Figure 2: SPX 1m ATM IV (LHS) vs. Realized Volatility (LHS) vs.
SPX Cumulative Return (RHS)

Fig 2-1
Source: Bloomberg, Simplify Calculations
 
Current SPX 1m ATM IV is sitting more than 4 points below its 1m realized volatility, which has only happened 5 times before in the last 16 years when VIX is under 14 (see Figure 3).


Figure 3: Times Implied Volatility is 4 Points Lower
Than Realized Vol & VIX is Under 14

Fig 3
Bloomberg, Simplify Calculations

In this context, we are seeing the cheapest 1-month 95 moneyness put-based insurance costs since 2018, and close to the lowest levels of the last 15 years (see Figure 4).
 

Figure 4: Cost of 1-Month SPX Put Protection at 100% Notional (LHS)

vs. VIX (RHS)
 

Fig 4
Source: Bloomberg, Simplify Calculations

The improved overall equity market sentiment has also resulted in one of the flattest option volatility surfaces of the last five years.  As we can see in Figure 5, the out of the money (OTM) put implied volatility has come down around 4 basis points compared to two years ago, with OTM call IV staying around the same levels.
 

Figure 5: SPX 1-Month Option Volatility Surface: Today vs. 2 Years Ago

Fig 5
Source: Bloomberg, Simplify Calculations
 
 

GLOSSARY:

Basis Points (bps): A common unit of measure for interest rates and other percentages in finance. One basis point is equal to 1/100th of 1%, or 0.01%.

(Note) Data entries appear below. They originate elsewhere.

(* Let $\Sigma,\Gamma$ be finite alphabets, $k>0$, $f:\Sigma^*\to\Gamma^*$, and $\tau$ a tier on $\Sigma\cup\Gamma$. If $f$ is $k$-TISL on tier $\tau$, then there is a tier $\upsilon$ on $\Sigma\times\Gamma^*$ such that $f$ is $k$-TSSL on tier $\upsilon$. Likewise, if $f$ is $k$-TOSL on tier $\tau$, then there is a tier $\varphi$ on $\Sigma\times\Gamma^*$ such that $f$ is $k$-TSSL on tier $\varphi$.
   Context: Strings: $\lambda$ is the empty string; $\rtimes$ is a boundary symbol not in any alphabet. For $m\ge0$, $\mathrm{suff}^m(x)$ is the string of the last $m$ symbols of $\rtimes^mx$. $\mathrm{lcp}(A)$ is the longest common prefix of a set of strings $A$. For $f:\Sigma^*\to\Gamma^*$: $f^{\gets}(x):=\mathrm{lcp}(\{f(xy)\mid y\in\Sigma^*\})$, and $f^{\to}_x$ is defined by $f(xy)=f^{\gets}(x)f^{\to}_x(y)$. A tier on a (possibly infinite) alphabet $A$ is a homomorphism $\tau:A^*\to A^*$ with $\tau(a)\in\{a,\lambda\}$ for each $a\in A$. Given $i,j>0$ and a tier $\tau$ on $\Sigma\cup\Gamma$, $f$ is $i,j$-TIOSL on $\tau$ if for all $w,x\in\Sigma^*$, $\mathrm{suff}^{i-1}(\tau(w))=\mathrm{suff}^{i-1}(\tau(x))$ and $\mathrm{suff}^{j-1}(\tau(f^{\gets}(w)))=\mathrm{suff}^{j-1}(\tau(f^{\gets}(x)))$ imply $f^{\to}_w=f^{\to}_x$. $f$ is $k$-TISL on $\tau$ if it is $k,1$-TIOSL on $\tau$, and $k$-TOSL on $\tau$ if it is $1,k$-TIOSL on $\tau$. Actions of $f$: $\mathbb{A}_f:=\{\langle x,y\rangle\in\Sigma\times\Gamma^*\mid\exists z\in\Sigma^*.\ f^{\gets}(zx)=f^{\gets}(z)y\}$, written $x:y$. The run $f^{\Leftarrow}(x)\in\mathbb{A}_f^*$: if $|x|\le1$, $f^{\Leftarrow}(x):=x:f^{\gets}(x)$; if $x=yz$ with $|y|\ge1$, $|z|=1$, then $f^{\Leftarrow}(x):=f^{\Leftarrow}(y)(z:w)$ where $f^{\gets}(x)=f^{\gets}(y)w$. For a tier $\upsilon$ on $\Sigma\times\Gamma^*$, $f$ is $k$-TSSL on $\upsilon$ if for all $x,y\in\Sigma^*$, $\mathrm{suff}^{k-1}(\upsilon(f^{\Leftarrow}(x)))=\mathrm{suff}^{k-1}(\upsilon(f^{\Leftarrow}(y)))$ implies $f^{\to}_x=f^{\to}_y$. *)

theory Defs
  imports Main "HOL-Library.Sublist"
begin

(* Strings are lists over a single symbol type 'c; the alphabets Sig, Gam
   are finite sets of symbols.  The boundary symbol is modelled by None. *)

definition suff :: "nat \<Rightarrow> 'c list \<Rightarrow> 'c option list" where
  "suff m x = drop (length x) (replicate m None @ map Some x)"

definition lcp :: "'c list set \<Rightarrow> 'c list" where
  "lcp A = (THE p. (\<forall>a\<in>A. prefix p a) \<and> (\<forall>q. (\<forall>a\<in>A. prefix q a) \<longrightarrow> prefix q p))"

definition fl :: "'c set \<Rightarrow> ('c list \<Rightarrow> 'c list) \<Rightarrow> 'c list \<Rightarrow> 'c list" where
  "fl Sig f x = lcp {f (x @ y) | y. y \<in> lists Sig}"

(* f^{->}_x(y), defined by f(xy) = f^{<-}(x) f^{->}_x(y) *)
definition fr :: "'c set \<Rightarrow> ('c list \<Rightarrow> 'c list) \<Rightarrow> 'c list \<Rightarrow> 'c list \<Rightarrow> 'c list" where
  "fr Sig f x y = drop (length (fl Sig f x)) (f (x @ y))"

definition same_tail :: "'c set \<Rightarrow> ('c list \<Rightarrow> 'c list) \<Rightarrow> 'c list \<Rightarrow> 'c list \<Rightarrow> bool" where
  "same_tail Sig f w x \<longleftrightarrow> (\<forall>y\<in>lists Sig. fr Sig f w y = fr Sig f x y)"

(* a tier is given by the set of symbols it keeps: tau(a) = a if T a, else lambda *)
definition tier :: "('a \<Rightarrow> bool) \<Rightarrow> 'a list \<Rightarrow> 'a list" where
  "tier T xs = filter T xs"

definition TIOSL :: "'c set \<Rightarrow> ('c list \<Rightarrow> 'c list) \<Rightarrow> nat \<Rightarrow> nat \<Rightarrow> ('c \<Rightarrow> bool) \<Rightarrow> bool" where
  "TIOSL Sig f i j T \<longleftrightarrow>
     (\<forall>w\<in>lists Sig. \<forall>x\<in>lists Sig.
        suff (i - 1) (tier T w) = suff (i - 1) (tier T x) \<and>
        suff (j - 1) (tier T (fl Sig f w)) = suff (j - 1) (tier T (fl Sig f x))
        \<longrightarrow> same_tail Sig f w x)"

definition TISL :: "'c set \<Rightarrow> ('c list \<Rightarrow> 'c list) \<Rightarrow> nat \<Rightarrow> ('c \<Rightarrow> bool) \<Rightarrow> bool" where
  "TISL Sig f k T \<longleftrightarrow> TIOSL Sig f k 1 T"

definition TOSL :: "'c set \<Rightarrow> ('c list \<Rightarrow> 'c list) \<Rightarrow> nat \<Rightarrow> ('c \<Rightarrow> bool) \<Rightarrow> bool" where
  "TOSL Sig f k T \<longleftrightarrow> TIOSL Sig f 1 k T"

(* Actions x:y are pairs (x, y); the input part x is a string of length <= 1
   (length 0 only for the run of the empty string, lambda : f^{<-}(lambda)). *)
definition run :: "'c set \<Rightarrow> ('c list \<Rightarrow> 'c list) \<Rightarrow> 'c list \<Rightarrow> ('c list \<times> 'c list) list" where
  "run Sig f x =
     (if length x \<le> 1 then [(x, fl Sig f x)]
      else (take 1 x, fl Sig f (take 1 x)) #
           map (\<lambda>i. ([x ! i], drop (length (fl Sig f (take i x))) (fl Sig f (take (Suc i) x))))
               [1..<length x])"

definition TSSL :: "'c set \<Rightarrow> ('c list \<Rightarrow> 'c list) \<Rightarrow> nat \<Rightarrow> ('c list \<times> 'c list \<Rightarrow> bool) \<Rightarrow> bool" where
  "TSSL Sig f k U \<longleftrightarrow>
     (\<forall>x\<in>lists Sig. \<forall>y\<in>lists Sig.
        suff (k - 1) (tier U (run Sig f x)) = suff (k - 1) (tier U (run Sig f y))
        \<longrightarrow> same_tail Sig f x y)"

end

theory Submission
  imports Defs
begin

text \<open>
  The run of \<open>f\<close> on \<open>x\<close> records, action by action, both the input symbols of \<open>x\<close> and the
  increments of \<open>f\<^sup>\<leftarrow>\<close> along the prefixes of \<open>x\<close>, whose concatenation is \<open>f\<^sup>\<leftarrow>(x)\<close>. Hence a
  tier on actions can simulate a tier on input or on output symbols. For the input side, keep
  the actions whose input symbol lies on \<open>\<tau>\<close>: the tier of the run then projects onto \<open>\<tau>(x)\<close>.
  For the output side, keep the actions whose output contains a symbol of \<open>\<tau>\<close>: concatenating
  the \<open>\<tau>\<close>-projections of their outputs gives \<open>\<tau>(f\<^sup>\<leftarrow>(x))\<close>, and since each kept action contributes
  at least one symbol, the last \<open>k-1\<close> kept actions determine the last \<open>k-1\<close> symbols of it.
\<close>

lemma lcp_eq_Longest_common_prefix: "A \<noteq> {} \<Longrightarrow> lcp A = Longest_common_prefix A"
  unfolding lcp_def
  by (rule the_equality)
    (simp_all add: Longest_common_prefix_prefix Longest_common_prefix_max_prefix
      prefix_order.antisym)

lemma prefix_fl_snoc:
  assumes "a \<in> Sig"
  shows "prefix (fl Sig f w) (fl Sig f (w @ [a]))"
proof -
  let ?F = "\<lambda>w. {f (w @ y) |y. y \<in> lists Sig}"
  have "?F (w @ [a]) \<subseteq> ?F w"
    using assms by fastforce
  moreover have "?F (w @ [a]) \<noteq> {}" "?F w \<noteq> {}"
    by auto
  ultimately show ?thesis
    unfolding fl_def
    by (simp add: lcp_eq_Longest_common_prefix Longest_common_prefix_prefix
        Longest_common_prefix_max_prefix subset_iff)
qed

lemma prefix_chain_telescope:
  assumes "1 \<le> n" "\<And>i. 1 \<le> i \<Longrightarrow> i < n \<Longrightarrow> prefix (g i) (g (Suc i))"
  shows "g 1 @ concat (map (\<lambda>i. drop (length (g i)) (g (Suc i))) [1..<n]) = g n"
  using assms(1)
proof (induction n rule: dec_induct)
  case (step m)
  then have "prefix (g m) (g (Suc m))"
    using assms(2) by simp
  then show ?case
    using step by (auto simp: prefix_def)
qed simp

lemma suff_eq: "suff m L = replicate (m - length L) None @ map Some (drop (length L - m) L)"
  unfolding suff_def by (cases "length L \<le> m") (auto simp: drop_map)

lemma suff_0 [simp]: "suff 0 L = []"
  by (simp add: suff_def)

lemma suff_map: "suff m (map g L) = map (map_option g) (suff m L)"
  by (simp add: suff_eq drop_map)

lemma suff_append_long: "m \<le> length B \<Longrightarrow> suff m (A @ B) = suff m B"
  by (simp add: suff_eq)

lemma drop_eq_if_suff_eq:
  assumes "suff m L1 = suff m L2"
  shows "drop (length L1 - m) L1 = drop (length L2 - m) L2"
proof -
  have "filter (\<lambda>x. x \<noteq> None) (suff m L) = map Some (drop (length L - m) L)" for L :: "'a list"
    by (simp add: suff_eq filter_map comp_def)
  then show ?thesis
    using arg_cong[OF assms, of "filter (\<lambda>x. x \<noteq> None)"] by (simp add: inj_map_eq_map)
qed

lemma length_le_length_concat: "[] \<notin> set xss \<Longrightarrow> length xss \<le> length (concat xss)"
proof (induction xss)
  case (Cons xs xss)
  then have "length xs > 0" "length xss \<le> length (concat xss)"
    by auto
  then show ?case
    by (simp del: length_greater_0_conv)
qed simp

lemma concat_filter_neq_Nil: "concat (filter (\<lambda>xs. xs \<noteq> []) xss) = concat xss"
  by (induction xss) auto

lemma suff_concat_drop:
  assumes "[] \<notin> set L"
  shows "suff m (concat L) = suff m (concat (drop (length L - m) L))"
proof (cases "length L \<le> m")
  case False
  have "m \<le> length (concat (drop (length L - m) L))"
    using False assms length_le_length_concat[of "drop (length L - m) L"]
    by (auto dest: in_set_dropD)
  then show ?thesis
    by (metis append_take_drop_id concat_append suff_append_long)
next
  case True
  then show ?thesis
    by simp
qed

lemma suff_concat_eq:
  assumes "suff m L1 = suff m L2" "[] \<notin> set L1" "[] \<notin> set L2"
  shows "suff m (concat L1) = suff m (concat L2)"
proof -
  have "suff m (concat L1) = suff m (concat (drop (length L1 - m) L1))"
    using assms(2) by (rule suff_concat_drop)
  also have "\<dots> = suff m (concat (drop (length L2 - m) L2))"
    by (simp only: drop_eq_if_suff_eq[OF assms(1)])
  also have "\<dots> = suff m (concat L2)"
    using assms(3) by (rule suff_concat_drop[symmetric])
  finally show ?thesis .
qed

lemma map_fst_run: "map fst (run Sig f x) = (if x = [] then [[]] else map (\<lambda>a. [a]) x)"
proof (cases "length x \<le> 1")
  case True
  then show ?thesis
    by (cases x) (auto simp: run_def)
next
  case False
  then obtain a r where x: "x = a # r"
    by (cases x) auto
  have "map (\<lambda>i. [x ! i]) [1..<length x] = map (\<lambda>a. [a]) r"
    by (rule nth_equalityI) (simp_all add: x del: upt_Suc)
  then show ?thesis
    using False by (simp add: run_def comp_def x)
qed

lemma concat_map_snd_run:
  assumes "x \<in> lists Sig"
  shows "concat (map snd (run Sig f x)) = fl Sig f x"
proof (cases "length x \<le> 1")
  case True
  then show ?thesis
    by (simp add: run_def)
next
  case False
  have "fl Sig f (take 1 x) @
      concat (map (\<lambda>i. drop (length (fl Sig f (take i x))) (fl Sig f (take (Suc i) x))) [1..<length x])
      = fl Sig f (take (length x) x)"
  proof (rule prefix_chain_telescope)
    fix i
    assume "i < length x"
    moreover have "x ! i \<in> Sig" if "i < length x"
      using assms that by (auto simp: in_lists_conv_set)
    ultimately show "prefix (fl Sig f (take i x)) (fl Sig f (take (Suc i) x))"
      by (simp add: take_Suc_conv_app_nth prefix_fl_snoc)
  qed (use False in simp)
  then show ?thesis
    using False by (simp add: run_def comp_def)
qed

lemma TISL_iff:
  "TISL Sig f k T \<longleftrightarrow> (\<forall>w\<in>lists Sig. \<forall>x\<in>lists Sig.
     suff (k - 1) (tier T w) = suff (k - 1) (tier T x) \<longrightarrow> same_tail Sig f w x)"
  by (simp add: TISL_def TIOSL_def)

lemma TOSL_iff:
  "TOSL Sig f k T \<longleftrightarrow> (\<forall>w\<in>lists Sig. \<forall>x\<in>lists Sig.
     suff (k - 1) (tier T (fl Sig f w)) = suff (k - 1) (tier T (fl Sig f x)) \<longrightarrow> same_tail Sig f w x)"
  by (simp add: TOSL_def TIOSL_def)

definition input_tier :: "('c \<Rightarrow> bool) \<Rightarrow> 'c list \<times> 'c list \<Rightarrow> bool" where
  "input_tier T act \<longleftrightarrow> fst act \<noteq> [] \<and> T (hd (fst act))"

definition output_tier :: "('c \<Rightarrow> bool) \<Rightarrow> 'c list \<times> 'c list \<Rightarrow> bool" where
  "output_tier T act \<longleftrightarrow> filter T (snd act) \<noteq> []"

lemma input_tier_run: "map (hd \<circ> fst) (tier (input_tier T) (run Sig f x)) = tier T x"
proof -
  have "map (hd \<circ> fst) (filter (input_tier T) (run Sig f x))
      = map hd (filter (\<lambda>a. a \<noteq> [] \<and> T (hd a)) (map fst (run Sig f x)))"
    by (simp add: input_tier_def[abs_def] filter_map comp_def)
  also have "\<dots> = filter T x"
    by (simp add: map_fst_run filter_map comp_def)
  finally show ?thesis
    by (simp add: tier_def)
qed

lemma output_tier_run:
  assumes "x \<in> lists Sig"
  shows "concat (map (filter T \<circ> snd) (tier (output_tier T) (run Sig f x))) = tier T (fl Sig f x)"
proof -
  have "concat (map (filter T \<circ> snd) (filter (output_tier T) (run Sig f x)))
      = concat (filter (\<lambda>xs. xs \<noteq> []) (map (filter T \<circ> snd) (run Sig f x)))"
    by (simp add: output_tier_def[abs_def] filter_map comp_def)
  also have "\<dots> = concat (map (filter T \<circ> snd) (run Sig f x))"
    by (rule concat_filter_neq_Nil)
  also have "\<dots> = filter T (concat (map snd (run Sig f x)))"
    by (simp add: filter_concat comp_def)
  finally show ?thesis
    using assms by (simp add: tier_def concat_map_snd_run)
qed

lemma TISL_imp_TSSL_input_tier:
  assumes "TISL Sig f k T"
  shows "TSSL Sig f k (input_tier T)"
  unfolding TSSL_def
proof (intro ballI impI)
  fix x y
  assume "x \<in> lists Sig" "y \<in> lists Sig"
    and "suff (k - 1) (tier (input_tier T) (run Sig f x)) = suff (k - 1) (tier (input_tier T) (run Sig f y))"
  then have "suff (k - 1) (tier T x) = suff (k - 1) (tier T y)"
    by (metis input_tier_run suff_map)
  with assms \<open>x \<in> lists Sig\<close> \<open>y \<in> lists Sig\<close> show "same_tail Sig f x y"
    by (simp add: TISL_iff)
qed

lemma TOSL_imp_TSSL_output_tier:
  assumes "TOSL Sig f k T"
  shows "TSSL Sig f k (output_tier T)"
  unfolding TSSL_def
proof (intro ballI impI)
  fix x y
  let ?outs = "\<lambda>x. map (filter T \<circ> snd) (tier (output_tier T) (run Sig f x))"
  assume x: "x \<in> lists Sig" and y: "y \<in> lists Sig"
    and run_tiers_eq: "suff (k - 1) (tier (output_tier T) (run Sig f x)) = suff (k - 1) (tier (output_tier T) (run Sig f y))"
  have nonempty: "[] \<notin> set (?outs z)" for z
    by (auto simp: tier_def output_tier_def[abs_def])
  from run_tiers_eq have "suff (k - 1) (?outs x) = suff (k - 1) (?outs y)"
    by (simp add: suff_map)
  then have "suff (k - 1) (concat (?outs x)) = suff (k - 1) (concat (?outs y))"
    by (rule suff_concat_eq[OF _ nonempty nonempty])
  then have "suff (k - 1) (tier T (fl Sig f x)) = suff (k - 1) (tier T (fl Sig f y))"
    by (simp add: output_tier_run x y)
  with assms x y show "same_tail Sig f x y"
    by (simp add: TOSL_iff)
qed

theorem proposition17:
  fixes Sig Gam :: "'c set" and f :: "'c list \<Rightarrow> 'c list" and k :: nat and T :: "'c \<Rightarrow> bool"
  assumes "finite Sig" and "finite Gam" and "k > 0"
    and "\<forall>x\<in>lists Sig. f x \<in> lists Gam"
  shows "(TISL Sig f k T \<longrightarrow> (\<exists>U. TSSL Sig f k U)) \<and>
         (TOSL Sig f k T \<longrightarrow> (\<exists>V. TSSL Sig f k V))"
  using TISL_imp_TSSL_input_tier TOSL_imp_TSSL_output_tier by blast

end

Moneyness: Describes the intrinsic value of an option's premium in the market. A contract is either “in the money”, “out of the money”, or “at the money”. A call option is said to be “in the money” when the future contract price is above the strike price. A call option is “out of the money” when the future contract price is below the strike price.

Option: An option is a contract that gives the buyer the right to either buy (in the case of a call option) or sell (in the case of a put option) an underlying asset at a pre-determined price ("strike") by a specific date ("expiry"). An "outright" is another name for a single option leg. A "spread" is when options are bought at one strike and an equal amount of options are sold at a different strike, all at the same expiry.

0DTE Option: An options contract set to expire at the end of the current trading day.

Out of the Money: An option has no intrinsic value, only extrinsic or time value.

VIX Index: A real-time market index representing the market's expectations for volatility over the coming 30 days.